**TASK STATEMENT**
Transcribe the entries, keeping every character the same.

[Opening AVAILABLE RECORDS section]

lemma indicator_le_indicator_iff: "indicator S \<le> (indicator T :: 'a \<Rightarrow> nat) \<longleftrightarrow> S \<subseteq> T"
  by (auto simp: le_fun_def indicator_def split: if_splits)

lemma le_indicator_iff:
  "y \<le> (indicator S :: 'a \<Rightarrow> nat) \<longleftrightarrow> y = indicator (supp y) \<and> supp y \<subseteq> S"
proof
  assume le: "y \<le> indicator S"
  have "y i = indicator (supp y) i \<and> (y i \<noteq> 0 \<longrightarrow> i \<in> S)" for i
  proof -
    have "y i \<le> indicator S i"
      using le by (simp add: le_fun_def)
    then show ?thesis
      by (cases "i \<in> S") (simp_all add: supp_def indicator_def)
  qed
  then show "y = indicator (supp y) \<and> supp y \<subseteq> S"
    unfolding supp_def by blast
next
  assume "y = indicator (supp y) \<and> supp y \<subseteq> S"
  then show "y \<le> indicator S"
    by (metis indicator_le_indicator_iff)
qed

lemma supp_subset_lessThan: "x \<in> pts k \<Longrightarrow> supp x \<subseteq> {..<k}"
  unfolding pts_def supp_def by (auto intro: ccontr)

lemma finite_supp: "x \<in> pts k \<Longrightarrow> finite (supp x)"
  using supp_subset_lessThan finite_subset by blast

lemma indicator_in_pts_iff: "(indicator S :: nat \<Rightarrow> nat) \<in> pts k \<longleftrightarrow> S \<subseteq> {..<k}"
  by (auto simp: pts_def indicator_eq_0_iff not_le)

lemma deg_eq_sum_supp: "x \<in> pts k \<Longrightarrow> deg k x = (\<Sum>i\<in>supp x. x i)"
  unfolding deg_def
  by (rule sum.mono_neutral_right) (use supp_subset_lessThan[of x k] in \<open>auto simp: supp_def\<close>)

lemma deg_indicator: "S \<subseteq> {..<k} \<Longrightarrow> deg k (indicator S) = card S"
  by (simp add: deg_def sum_indicator_eq_card Int_absorb1)

lemma card_supp_le_deg: "x \<in> pts k \<Longrightarrow> card (supp x) \<le> deg k x"
  using sum_mono[of "supp x" "\<lambda>_. 1::nat" x] by (simp add: deg_eq_sum_supp supp_def)

lemma indicator_supp_if_card_supp_eq_deg:
  assumes x: "x \<in> pts k" and eq: "card (supp x) = deg k x"
  shows "x = indicator (supp x)"
proof
  fix i
  have "(\<Sum>i\<in>supp x. 1::nat) = (\<Sum>i\<in>supp x. x i)"
    using eq deg_eq_sum_supp[OF x] by simp
  then have "x i = 1" if "i \<in> supp x"
    using sum_mono_inv[of "\<lambda>_. 1::nat" "supp x" x i] that finite_supp[OF x] by (simp add: supp_def)
  then show "x i = indicator (supp x) i"
    by (auto simp: supp_def indicator_def)
qed

lemma deg_less:
  assumes "x \<in> pts k" "y \<in> pts k" "x \<le> y" "x \<noteq> y"
  shows "deg k x < deg k y"
proof -
  obtain i where ne: "x i \<noteq> y i"
    using assms(4) by (meson ext)
  moreover have "x i \<le> y i"
    using assms(3) by (simp add: le_fun_def)
  ultimately have lt: "x i < y i"
    by simp
  have "i < k"
  proof (rule ccontr)
    assume "\<not> i < k"
    then have "x i = 0" "y i = 0"
      using assms(1,2) by (simp_all add: pts_def)
    then show False
      using ne by simp
  qed
  then show ?thesis
    unfolding deg_def using assms(3) lt
    by (intro sum_strict_mono_ex1) (auto simp: le_fun_def)
qed

lemma deg_eq_1_imp_unit:
  assumes x: "x \<in> pts k" and deg: "deg k x = 1"
  shows "\<exists>a<k. x = indicator {a}"
proof -
  have "supp x \<noteq> {}"
    using deg deg_eq_sum_supp[OF x] by auto
  then have "card (supp x) \<noteq> 0"
    using finite_supp[OF x] by simp
  then have card: "card (supp x) = deg k x"
    using card_supp_le_deg[OF x] deg by linarith
  then obtain a where a: "supp x = {a}"
    using deg card_1_singletonE by metis
  have "x = indicator (supp x)"
    using indicator_supp_if_card_supp_eq_deg[OF x card] .
  then have "x = indicator {a}"
    using a by metis
  moreover have "a < k"
    using supp_subset_lessThan[OF x] a by auto
  ultimately show ?thesis
    by blast
qed

lemma deg_le_plength: "finite lam \<Longrightarrow> x \<in> lam \<Longrightarrow> deg k x \<le> plength k lam"
  unfolding plength_def by simp

lemma ex_socle_ge: "finite lam \<Longrightarrow> x \<in> lam \<Longrightarrow> \<exists>s\<in>socle lam. x \<le> s"
  using finite_has_maximal2[of lam x] by (auto simp: socle_def)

[Closing AVAILABLE RECORDS section]

**TASK SOLUTION**
lemma indicator_le_indicator_iff: "indicator S \<le> (indicator T :: 'a \<Rightarrow> nat) \<longleftrightarrow> S \<subseteq> T"
  by (auto simp: le_fun_def indicator_def split: if_splits)

lemma le_indicator_iff:
  "y \<le> (indicator S :: 'a \<Rightarrow> nat) \<longleftrightarrow> y = indicator (supp y) \<and> supp y \<subseteq> S"
proof
  assume le: "y \<le> indicator S"
  have "y i = indicator (supp y) i \<and> (y i \<noteq> 0 \<longrightarrow> i \<in> S)" for i
  proof -
    have "y i \<le> indicator S i"
      using le by (simp add: le_fun_def)
    then show ?thesis
      by (cases "i \<in> S") (simp_all add: supp_def indicator_def)
  qed
  then show "y = indicator (supp y) \<and> supp y \<subseteq> S"
    unfolding supp_def by blast
next
  assume "y = indicator (supp y) \<and> supp y \<subseteq> S"
  then show "y \<le> indicator S"
    by (metis indicator_le_indicator_iff)
qed

lemma supp_subset_lessThan: "x \<in> pts k \<Longrightarrow> supp x \<subseteq> {..<k}"
  unfolding pts_def supp_def by (auto intro: ccontr)

lemma finite_supp: "x \<in> pts k \<Longrightarrow> finite (supp x)"
  using supp_subset_lessThan finite_subset by blast

lemma indicator_in_pts_iff: "(indicator S :: nat \<Rightarrow> nat) \<in> pts k \<longleftrightarrow> S \<subseteq> {..<k}"
  by (auto simp: pts_def indicator_eq_0_iff not_le)

lemma deg_eq_sum_supp: "x \<in> pts k \<Longrightarrow> deg k x = (\<Sum>i\<in>supp x. x i)"
  unfolding deg_def
  by (rule sum.mono_neutral_right) (use supp_subset_lessThan[of x k] in \<open>auto simp: supp_def\<close>)

lemma deg_indicator: "S \<subseteq> {..<k} \<Longrightarrow> deg k (indicator S) = card S"
  by (simp add: deg_def sum_indicator_eq_card Int_absorb1)

lemma card_supp_le_deg: "x \<in> pts k \<Longrightarrow> card (supp x) \<le> deg k x"
  using sum_mono[of "supp x" "\<lambda>_. 1::nat" x] by (simp add: deg_eq_sum_supp supp_def)

lemma indicator_supp_if_card_supp_eq_deg:
  assumes x: "x \<in> pts k" and eq: "card (supp x) = deg k x"
  shows "x = indicator (supp x)"
proof
  fix i
  have "(\<Sum>i\<in>supp x. 1::nat) = (\<Sum>i\<in>supp x. x i)"
    using eq deg_eq_sum_supp[OF x] by simp
  then have "x i = 1" if "i \<in> supp x"
    using sum_mono_inv[of "\<lambda>_. 1::nat" "supp x" x i] that finite_supp[OF x] by (simp add: supp_def)
  then show "x i = indicator (supp x) i"
    by (auto simp: supp_def indicator_def)
qed

lemma deg_less:
  assumes "x \<in> pts k" "y \<in> pts k" "x \<le> y" "x \<noteq> y"
  shows "deg k x < deg k y"
proof -
  obtain i where ne: "x i \<noteq> y i"
    using assms(4) by (meson ext)
  moreover have "x i \<le> y i"
    using assms(3) by (simp add: le_fun_def)
  ultimately have lt: "x i < y i"
    by simp
  have "i < k"
  proof (rule ccontr)
    assume "\<not> i < k"
    then have "x i = 0" "y i = 0"
      using assms(1,2) by (simp_all add: pts_def)
    then show False
      using ne by simp
  qed
  then show ?thesis
    unfolding deg_def using assms(3) lt
    by (intro sum_strict_mono_ex1) (auto simp: le_fun_def)
qed

lemma deg_eq_1_imp_unit:
  assumes x: "x \<in> pts k" and deg: "deg k x = 1"
  shows "\<exists>a<k. x = indicator {a}"
proof -
  have "supp x \<noteq> {}"
    using deg deg_eq_sum_supp[OF x] by auto
  then have "card (supp x) \<noteq> 0"
    using finite_supp[OF x] by simp
  then have card: "card (supp x) = deg k x"
    using card_supp_le_deg[OF x] deg by linarith
  then obtain a where a: "supp x = {a}"
    using deg card_1_singletonE by metis
  have "x = indicator (supp x)"
    using indicator_supp_if_card_supp_eq_deg[OF x card] .
  then have "x = indicator {a}"
    using a by metis
  moreover have "a < k"
    using supp_subset_lessThan[OF x] a by auto
  ultimately show ?thesis
    by blast
qed

lemma deg_le_plength: "finite lam \<Longrightarrow> x \<in> lam \<Longrightarrow> deg k x \<le> plength k lam"
  unfolding plength_def by simp

lemma ex_socle_ge: "finite lam \<Longrightarrow> x \<in> lam \<Longrightarrow> \<exists>s\<in>socle lam. x \<le> s"
  using finite_has_maximal2[of lam x] by (auto simp: socle_def)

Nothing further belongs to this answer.